В тот день, когда мы уничтожим большевизм, мы докажем верность нашим революциям. Затем наступит очередь западных демократий, которые не спасутся от пожирающей их раковой опухоли, пустившей свои метастазы и среди населения, и в политике, и в морали»{384}.
Такого рода поучения на примере личности, которая захватила власть в собственной стране еще в 1922 г., в то время как бывший ефрейтор еще только держал речи перед кучкой приспешников в баварских пивных, должны были сильно разгневать фюрера. Вопрос с Польшей к этому времени был уже для него решен, а в его антибольшевистских настроениях не могло быть никаких сомнений. Поэтому Гитлер остался глух к настоятельному предложению Муссолини начать с экспансии на Восток. Фюрер был одержим идеей разбить Англию одним сокрушительным ударом. Это послужило бы местью его презренному «другу». С ответом Гитлер задержался на два месяца. Он был еще длиннее, чем письмо Муссолини, и полон оправданий и пояснений, написан дипломатично и без личных упреков. В конце концов, он все еще продолжал надеяться, что сможет убедить Италию вступить в войну против западных держав.

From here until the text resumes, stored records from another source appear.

text \<open>For \<open>(x1, x2, t, y) \<sim> p\<close> and \<open>z \<sim> q(z | x1, x2, t, y)\<close>: \<open>latent_moment\<close> is
  \<open>E[z\<^sup>2]\<close>, \<open>recon_err_x1\<close> is \<open>E[(x1 - g1 z)\<^sup>2]\<close>, and so on.\<close>
definition latent_moment :: "true_model \<Rightarrow> lin_cevae \<Rightarrow> real" where
  "latent_moment M P = lin_second_moment M (a1 P) (a2 P) (a3 P) (a4 P) + (sq P)^2"

definition recon_err_x1 :: "true_model \<Rightarrow> lin_cevae \<Rightarrow> real" where
  "recon_err_x1 M P = lin_second_moment M (1 - g1 P * a1 P) (- (g1 P * a2 P)) (- (g1 P * a3 P)) (- (g1 P * a4 P))
     + (g1 P * sq P)^2"

definition recon_err_x2 :: "true_model \<Rightarrow> lin_cevae \<Rightarrow> real" where
  "recon_err_x2 M P = lin_second_moment M (- (g2 P * a1 P)) (1 - g2 P * a2 P) (- (g2 P * a3 P)) (- (g2 P * a4 P))
     + (g2 P * sq P)^2"

definition recon_err_t :: "true_model \<Rightarrow> lin_cevae \<Rightarrow> real" where
  "recon_err_t M P = lin_second_moment M (- (gt P * a1 P)) (- (gt P * a2 P)) (1 - gt P * a3 P) (- (gt P * a4 P))
     + (gt P * sq P)^2"

definition recon_err_y :: "true_model \<Rightarrow> lin_cevae \<Rightarrow> real" where
  "recon_err_y M P = lin_second_moment M (- (gyz P * a1 P)) (- (gyz P * a2 P)) (- gyt P - gyz P * a3 P)
     (1 - gyz P * a4 P) + (gyz P * sq P)^2"

lemma pop_elbo_eq:
  assumes M: "valid_model M" and P: "valid_cevae P"
  shows "pop_elbo M P = ln (sq P) + 1/2 - 2 * ln (2 * pi) - (ln (s1 P) + ln (s2 P) + ln (st P) + ln (sy P))
     - recon_err_x1 M P / (2 * (s1 P)^2) - recon_err_x2 M P / (2 * (s2 P)^2)
     - recon_err_t M P / (2 * (st P)^2) - recon_err_y M P / (2 * (sy P)^2) - latent_moment M P / 2"
proof -
  define c where "c = ln (sq P) + 1/2 - 2 * ln (2 * pi) - (ln (s1 P) + ln (s2 P) + ln (st P) + ln (sy P))
     - (g1 P * sq P)^2 / (2 * (s1 P)^2) - (g2 P * sq P)^2 / (2 * (s2 P)^2)
     - (gt P * sq P)^2 / (2 * (st P)^2) - (gyz P * sq P)^2 / (2 * (sy P)^2) - (sq P)^2 / 2"
  define k where "k = (!) [- 1 / (2 * (s1 P)^2), - 1 / (2 * (s2 P)^2), - 1 / (2 * (st P)^2),
     - 1 / (2 * (sy P)^2), - 1 / 2]"
  define e1 where "e1 = (!) [1 - g1 P * a1 P, - (g2 P * a1 P), - (gt P * a1 P), - (gyz P * a1 P), a1 P]"
  define e2 where "e2 = (!) [- (g1 P * a2 P), 1 - g2 P * a2 P, - (gt P * a2 P), - (gyz P * a2 P), a2 P]"
  define et where "et = (!) [- (g1 P * a3 P), - (g2 P * a3 P), 1 - gt P * a3 P, - gyt P - gyz P * a3 P, a3 P]"
  define ey where "ey = (!) [- (g1 P * a4 P), - (g2 P * a4 P), - (gt P * a4 P), 1 - gyz P * a4 P, a4 P]"
  have "elbo P x1 x2 t y = c + (\<Sum>i<5. k i * (e1 i * x1 + e2 i * x2 + et i * t + ey i * y)^2)"
    for x1 x2 t y
    by (simp add: elbo_eq[OF P] numeral_eq_Suc c_def k_def e1_def e2_def et_def ey_def diff_divide_distrib
        add_divide_distrib algebra_simps power2_eq_square)
  then have "pop_elbo M P = c + (\<Sum>i<5. k i * lin_second_moment M (e1 i) (e2 i) (et i) (ey i))"
    unfolding pop_elbo_def by (simp add: true_expectation_sum_squares[OF M])
  then show ?thesis
    by (simp add: numeral_eq_Suc c_def k_def e1_def e2_def et_def ey_def latent_moment_def
        recon_err_x1_def recon_err_x2_def recon_err_t_def recon_err_y_def diff_divide_distrib add_divide_distrib)
qed

section \<open>The maximal ELBO and its maximisers\<close>

definition snr :: "true_model \<Rightarrow> real" where
  "snr M = (c1 M / sig1 M)^2 + (c2 M / sig2 M)^2 + (ct M / sigt M)^2 + (cyz M / sigy M)^2"

text \<open>The determinant of the covariance matrix of \<open>(x1, x2, t, y)\<close>, by the matrix determinant lemma.\<close>
definition obs_cov_det :: "true_model \<Rightarrow> real" where
  "obs_cov_det M = (sig1 M * sig2 M * sigt M * sigy M)^2 * (1 + snr M)"

lemma obs_cov_det_pos: "valid_model M \<Longrightarrow> 0 < obs_cov_det M"
  unfolding obs_cov_det_def snr_def valid_model_def by (simp add: add_pos_nonneg)
lemma ASM_card_col_prefix_sums_eq_1:
  assumes "is_ASM n A" and "k \<le> n"
  shows "card {j\<in>{..<n}. (\<Sum>r<k. A r j) = 1} = k"
proof -
  note ASM = assms(1)[unfolded is_ASM_iff_prefix_sums]
  have "(\<Sum>j<n. \<Sum>r<k. A r j) = (\<Sum>r<k. \<Sum>j<n. A r j)" by (rule sum.swap)
  also have "\<dots> = int k" using ASM assms(2) by simp
  finally have "(\<Sum>j<n. \<Sum>r<k. A r j) = int k" .
  moreover have "\<forall>j\<in>{..<n}. (\<Sum>r<k. A r j) \<in> {0, 1}" using ASM assms(2) by simp
  ultimately show ?thesis using card_eq_sum_of_01_valued[of "{..<n}" "\<lambda>j. \<Sum>r<k. A r j"] by simp
qed

lemma ASM_row_card_neg_le:
  assumes "is_ASM n A" and "i < n"
  shows "card {j. j < n \<and> A i j = -1} \<le> min i (n - 1 - i)"
proof -
  define X where "X k = {j\<in>{..<n}. (\<Sum>r<k. A r j) = 1}" for k
  have card_X: "card (X k) = k" if "k \<le> n" for k
    unfolding X_def using ASM_card_col_prefix_sums_eq_1[OF assms(1) that] .
  have "{j. j < n \<and> A i j = -1} \<subseteq> X i - X (Suc i)"
  proof
    fix j assume j: "j \<in> {j. j < n \<and> A i j = -1}"
    have "\<forall>m\<le>n. (\<Sum>r<m. A r j) \<in> {0, 1}"
      using assms(1) j by (simp add: is_ASM_iff_prefix_sums)
    then have "(\<Sum>r<i. A r j) \<in> {0, 1}" "(\<Sum>r<i. A r j) + A i j \<in> {0, 1}"
      using assms(2) by (auto dest: spec[of _ "Suc i"])
    with j show "j \<in> X i - X (Suc i)" by (auto simp: X_def)
  qed
  then have card_le: "card {j. j < n \<and> A i j = -1} \<le> card (X i - X (Suc i))"
    by (intro card_mono) (auto simp: X_def)
  have "card (X i - X (Suc i)) \<le> card (X i)" by (intro card_mono) (auto simp: X_def)
  moreover have "card (X i - X (Suc i)) \<le> card ({..<n} - X (Suc i))"
    by (intro card_mono) (auto simp: X_def)
  moreover have "card ({..<n} - X (Suc i)) = n - Suc i"
    using card_Diff_subset[of "X (Suc i)" "{..<n}"] card_X[of "Suc i"] assms(2)
    by (auto simp: X_def)
  ultimately show ?thesis using card_le card_X[of i] assms(2) by simp
qed

lemma io_eq_sum_rows: "io n A = (\<Sum>i<n. card {j. j < n \<and> A i j = -1})"
proof -
  have "{(i, j). i < n \<and> j < n \<and> A i j = -1} = Sigma {..<n} (\<lambda>i. {j. j < n \<and> A i j = -1})"
    by auto
  then show ?thesis unfolding io_def by (simp add: card_SigmaI)
qed

lemma sum_min_dist_to_ends: "(\<Sum>i<n. min i (n - 1 - i)) = (n - 1)\<^sup>2 div 4" for n :: nat
proof (induction n rule: nat_induct2)
  case (step m)
  have "(\<Sum>i<m + 2. min i (m + 1 - i)) = (\<Sum>i<Suc m. min i (Suc m - i))"
    by simp
  also have "\<dots> = (\<Sum>i<m. min (Suc i) (m - i))"
    by (subst sum.lessThan_Suc_shift) simp
  also have "\<dots> = (\<Sum>i<m. min i (m - 1 - i) + 1)"
    by (intro sum.cong) auto
  also have "\<dots> = (m - 1)\<^sup>2 div 4 + m"
    by (subst sum.distrib, subst step) simp
  also have "\<dots> = (m + 1)\<^sup>2 div 4"
    by (cases m) (simp_all add: power2_eq_square algebra_simps)
  finally show ?case by simp
qed simp_all
(* Let $\mathbf{P}$ be the transition matrix of a Markov chain on a finite state space $V$, let $L\ge0$, $\ell=2^L$, $w_0\in V$, and let $\rho\ge 1$ be an integer. Maintain sequences whose entries are indexed by times in $\{0,1,\dots,\ell\}$. Initially $W_1$ has entry $w_0$ at time $0$ and entry $w_\ell\sim\mathbf{P}^\ell[w_0,\cdot]$ at time $\ell$. At level $i=1,\dots,L$, with $\delta=\ell/2^{i-1}$, the current sequence $W_i$ has entries at times $0,\delta,2\delta,\dots,\ell_i$ for some $\ell_i\le \ell$; between every pair of consecutive entries $x$ (at time $s$) and $x'$ (at time $s+\delta$) insert, at time $s+\delta/2$, a vertex $y$ drawn (conditionally independently given the past) with probability $\mathbf{P}^{\delta/2}[x,y]\mathbf{P}^{\delta/2}[y,x']/\mathbf{P}^{\delta}[x,x']$; then, if the resulting sequence contains at least $\rho$ distinct vertices, delete all entries at times after the first entry at which the $\rho$-th distinct vertex appears. Call the result $W_{i+1}$. Then $W_{L+1}$ has the same distribution as $(X_0,X_1,\dots,X_\tau)$, where $(X_t)$ is the Markov chain with transition matrix $\mathbf{P}$ started at $w_0$ and $\tau$ is the minimum of $\ell$ and the first time $t$ at which $\{X_0,\dots,X_t\}$ contains $\rho$ distinct vertices. *)

theory Defs
  imports "HOL-Probability.Probability"
begin

text \<open>A Markov chain on the finite state space given by the finite type 'a is
described by its transition kernel P :: 'a \<Rightarrow> 'a pmf, i.e. the row x of the
transition matrix is the distribution P x, so that the matrix entry P[x,y] is pmf (P x) y.\<close>

primrec kpow :: "('a \<Rightarrow> 'a pmf) \<Rightarrow> nat \<Rightarrow> 'a \<Rightarrow> 'a pmf" where
  "kpow P 0 x = return_pmf x"
| "kpow P (Suc n) x = bind_pmf (P x) (kpow P n)"

definition mpow :: "('a \<Rightarrow> 'a pmf) \<Rightarrow> nat \<Rightarrow> 'a \<Rightarrow> 'a \<Rightarrow> real" where
  "mpow P n x y = pmf (kpow P n x) y"

text \<open>Bridge distribution of the midpoint: y with probability
  P^(d/2)[x,y] P^(d/2)[y,x'] / P^d[x,x'] (only meaningful when P^d[x,x'] > 0;
  otherwise an arbitrary convention, this case occurs with probability zero).\<close>
definition bridge :: "('a \<Rightarrow> 'a pmf) \<Rightarrow> nat \<Rightarrow> 'a \<Rightarrow> 'a \<Rightarrow> 'a pmf" where
  "bridge P d x x' =
     (if mpow P d x x' > 0
      then embed_pmf (\<lambda>y. mpow P (d div 2) x y * mpow P (d div 2) y x' / mpow P d x x')
      else return_pmf x)"

fun refine :: "('a \<Rightarrow> 'a pmf) \<Rightarrow> nat \<Rightarrow> 'a list \<Rightarrow> 'a list pmf" where
  "refine P d [] = return_pmf []"
| "refine P d [x] = return_pmf [x]"
| "refine P d (x # x' # xs) =
     bind_pmf (bridge P d x x') (\<lambda>y.
     bind_pmf (refine P d (x' # xs)) (\<lambda>rest. return_pmf (x # y # rest)))"

definition trunc :: "nat \<Rightarrow> 'a list \<Rightarrow> 'a list" where
  "trunc \<rho> xs =
     (if \<rho> \<le> card (set xs)
      then take (Suc (LEAST k. \<rho> \<le> card (set (take (Suc k) xs)))) xs
      else xs)"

В своем ответном письме в адрес дуче Гитлер, вероятнее всего, был полон притворства и, скорее всего, сам не верил в изложенные там собственные утверждения и прогнозы. Но предстоящее выступление на Западе заставляло его не допускать никаких сомнений в решении бороться против Англии и Франции, что одновременно означало необходимость преподносить его отношение к России исключительно в ярких красках. Он еще раз попытался представить нападение на Польшу как необходимость самообороны перед лицом происков и интриг Британии. Его главная цель заключалась якобы в том, чтобы «окончательно устранить Польское государство как источник опасности и обезопасить тем самым Германию с тыла». Для него главное заключалось только в «безусловном обеспечении восточных границ рейха». Необходимо было принять на себя «балласт» управления этой территорией, иначе ее охватил бы хаос. При этом Гитлер выразил заверения, что после окончания войны он снимет с себя эту ответственность. Относительно России он подчеркнул, что там после устранения «еврейского интернационала в руководстве государством» непременно наступят перемены. «Но если большевизм в России примет характер русской национальной государственной идеологии и экономической идеи, то он считает вполне реальным, что у нас не будет никакой заинтересованности и повода бороться против этого». В настоящее же время Россия — неоценимый помощник в борьбе против западных демократий. Это дополняется ее широкими экономическими возможностями, а Германия четко очертила зоны своих интересов, «в которых больше никогда и ничего не изменится»{385}.
24 января 1940 г. Гитлер, как и годом ранее, выступал с речью перед семью тысячами курсантов и выпускников военных училищ. В этот раз в качестве отправной точки он избрал день рождения Фридриха Великого и вслед за общими рассуждениями вскоре перешел к теме жизненного пространства и необходимости борьбы, для ведения которой немецкий народ, благодаря национал-социализму, располагает наилучшим оружием. При этом Гитлер не преминул отметить преимущества ведения войны на одном фронте. «Наши враги — это два государства: Англия и Франция. […] Эта Европа, которой милостиво дирижируют Франция и Англия, не позволяет нашему народу существовать в нормальных условиях, потому что она не терпит великое государственное образование немцев и не потерпит его в будущем. Как бы мы себя ни ограничивали, мы никогда не сможем умилостивить Францию и Англию. […] Сегодня впервые в истории германскому колоссу, готовому к битве как никогда ранее, противостоит только один фронт! Они полагали, что и в этот раз втянут нас в сражения во всех сторонах неба [имелись в виду стороны света, т. е. направления], но в этот раз благодаря нашим союзам и договорам им это не удалось»{386}.
Гитлер, естественно, не мог открыто снять завесу секретности со своих планов. Тем не менее из его высказываний вполне понятно, что он рассматривал борьбу с западными державами как навязанную ему войну, которой можно было избежать, если бы ему развязали руки на Востоке. Он рассматривал войну на Западе как недолгий кружной путь, чтобы позднее, после установления господства на континенте совершить нападение на настоящего врага и сделать возможным «обеспечение жизненного пространства» на Востоке. Именно такая позиция была сформулирована позднее в его записке Геббельсу. На следующий день после выступления Гитлера во дворце спорта «Шпортпаласт» перед будущими офицерами состоялся его разговор с министром пропаганды, в котором оба сразу же приступили к обсуждению «русского вопроса». «Русские ведут себя по отношению к нам все более лояльно. На это у них есть все основания. От финнов они теперь отступиться не могут, даже если и наделали грубых тактических ошибок. Фюрер полагает, что они все-таки справятся с финнами в течение нескольких месяцев. Англия не может и не хочет помогать Финляндии. У Лондона и без того хватает своих забот»{387}.